## Encoder

Search capabilities highly depends on language processing. The old workflow wasn't really practicable. The new Encoder class is a huge improvement and fully replaces the encoding part. Some FlexSearch options was moved to the new `Encoder` instance.

New Encoding Pipeline:
1. charset normalization
2. custom preparation
3. split into terms (apply includes/excludes)
4. filter (pre-filter)
5. matcher (substitute terms)
6. stemmer (substitute term endings)
7. filter (post-filter)
8. replace chars (mapper)
9. custom regex (replacer)
10. letter deduplication
11. apply finalize

### Example

```js
const encoder = new Encoder({
    normalize: true,
    dedupe: true,
    cache: true,
    include: {
        letter: true,
        number: true,
        symbol: false,
        punctuation: false,
        control: false,
        char: "@"
    }
});
```

You can use an `include` __instead__ of an `exclude` definition:

```js
const encoder = new Encoder({
    exclude: {
        letter: false,
        number: false,
        symbol: true,
        punctuation: true,
        control: true
    }
});
```

Instead of using `include` or `exclude` you can pass a regular expression to the field `split`:

```js
const encoder = new Encoder({
    split: /\s+/
});
```

> The definitions `include` and `exclude` is a replacement for `split`. You can just define one of those 3.
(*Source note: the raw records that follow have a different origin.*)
text \<open>(r,k)-batch code: for every multiset {i_1,...,i_k} of indices (given as a list
  of length k with entries < n) there are pairwise disjoint coordinate sets
  R_1..R_k of size at most r such that x_{i_j} is recoverable from R_j.\<close>
definition batch_code ::
  "nat \<Rightarrow> nat \<Rightarrow> nat \<Rightarrow> nat \<Rightarrow> (nat \<Rightarrow> nat \<Rightarrow> bit) \<Rightarrow> bool" where
  "batch_code r k n N G \<longleftrightarrow>
     (\<forall>is. length is = k \<and> set is \<subseteq> {..<n} \<longrightarrow>
        (\<exists>R :: nat \<Rightarrow> nat set.
           (\<forall>j<k. R j \<subseteq> {..<N} \<and> card (R j) \<le> r \<and> recoverable_from n G (is ! j) (R j)) \<and>
           (\<forall>j<k. \<forall>j'<k. j \<noteq> j' \<longrightarrow> R j \<inter> R j' = {})))"

end

theory Submission
  imports Defs
begin

text \<open>Arrange the \<open>rp\<close> information bits in an \<open>r \<times> p\<close> grid (row \<open>i div p\<close>, column
  \<open>i mod p\<close>) and, for each of \<open>k\<close> slopes, append the parities of the \<open>p\<close> parallel lines of
  that slope modulo \<open>p\<close>; so \<open>N = rp + kp\<close>. A bit is recovered from the \<open>r - 1\<close> other bits of
  a line through it and that line's parity. The slopes are chosen one at a time so that no three
  lines of distinct slopes form a nondegenerate triangle inside the grid; each step excludes
  fewer than \<open>2k\<^sup>2r\<^sup>2 < p\<close> values. For a batch of requests, the first request for a point
  reads the point itself and every later one uses a line through it, chosen greedily: since two
  lines of distinct slopes meet at most once and all triangles are degenerate, each of the other
  \<open>k - 1\<close> requests rules out at most one of the \<open>k\<close> directions.\<close>

lemma int_dvd_abs_less_imp_eq_0:
  fixes x :: int
  assumes "int p dvd x" and "\<bar>x\<bar> < int p"
  shows "x = 0"
  using dvd_imp_le_int[of x "int p"] assms by fastforce

lemma abs_int_diff_less: "a < p \<Longrightarrow> b < p \<Longrightarrow> \<bar>int a - int b\<bar> < int p"
  by linarith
Adding custom functions to the encoder pipeline:

```js
const encoder = new Encoder({
    normalize: function(str){
        return str.toLowerCase();
    },
    prepare: function(str){
        return str.replace(/&/g, " and ");
    },
    finalize: function(arr){
        return arr.filter(term => term.length > 2);
    }
});
```

Assign encoder to an index:

```js
const index = new Index({ 
    encoder: encoder
});
```

Define language specific transformations:

```js
const encoder = new Encoder({
    replacer: [
        /[´`’ʼ]/g, "'"
    ],
    filter: new Set([
        "and",
    ]),
    matcher: new Map([
        ["xvi", "16"]
    ]),
    stemmer: new Map([
        ["ly", ""]
    ]),
    mapper: new Map([
        ["é", "e"]
    ])
});
```

Or use predefined language and extend it with custom options:

```js
import EnglishBookPreset from "./lang/en.js";
const encoder = new Encoder(EnglishBookPreset, {
    filter: false
});
```

Equivalent:

```js
import EnglishBookPreset from "./lang/en.js";
const encoder = new Encoder(EnglishBookPreset);
encoder.assign({ filter: false });
```

Assign extensions to the encoder instance:

```js
import LatinEncoderPreset from "./charset/latin/simple.js";
import EnglishBookPreset from "./lang/en.js";
// stack definitions to the encoder instance
const encoder = new Encoder()
    .assign(LatinEncoderPreset)
    .assign(EnglishBookPreset)
// override preset options ...
    .assign({ minlength: 3 });
// assign further presets ...
```

> When adding extension to the encoder every previously assigned configuration is still intact, very much like Mixins, also when assigning custom functions.

Add custom transformations to an existing index:

```js
import LatinEncoderPreset from "./charset/latin/default.js";
const encoder = new Encoder(LatinEncoderPreset);
encoder.addReplacer(/[´`’ʼ]/g, "'");
encoder.addFilter("and");
encoder.addMatcher("xvi", "16");
encoder.addStemmer("ly", "");
encoder.addMapper("é", "e");
```

Shortcut for just assigning one encoder configuration to an index:

```js
import LatinEncoderPreset from "./charset/latin/default.js";
const index = new Index({ 
    encoder: LatinEncoderPreset
});
```

### Custom Encoder

Since it is very simple to create a custom Encoder, you are welcome to create your own.
e.g.
```js
function customEncoder(content){
   const tokens = [];
   // split content into terms/tokens
   // apply your changes to each term/token
   // you will need to return an Array of terms/tokens
   // so just iterate through the input string and
   // push tokens to the array
   // ...
   return tokens;
}

const index = new Index({
   // set to strict when your tokenization was already done
   tokenize: "strict",
   encode: customEncoder
});
```

If you get some good results please feel free to share your encoder.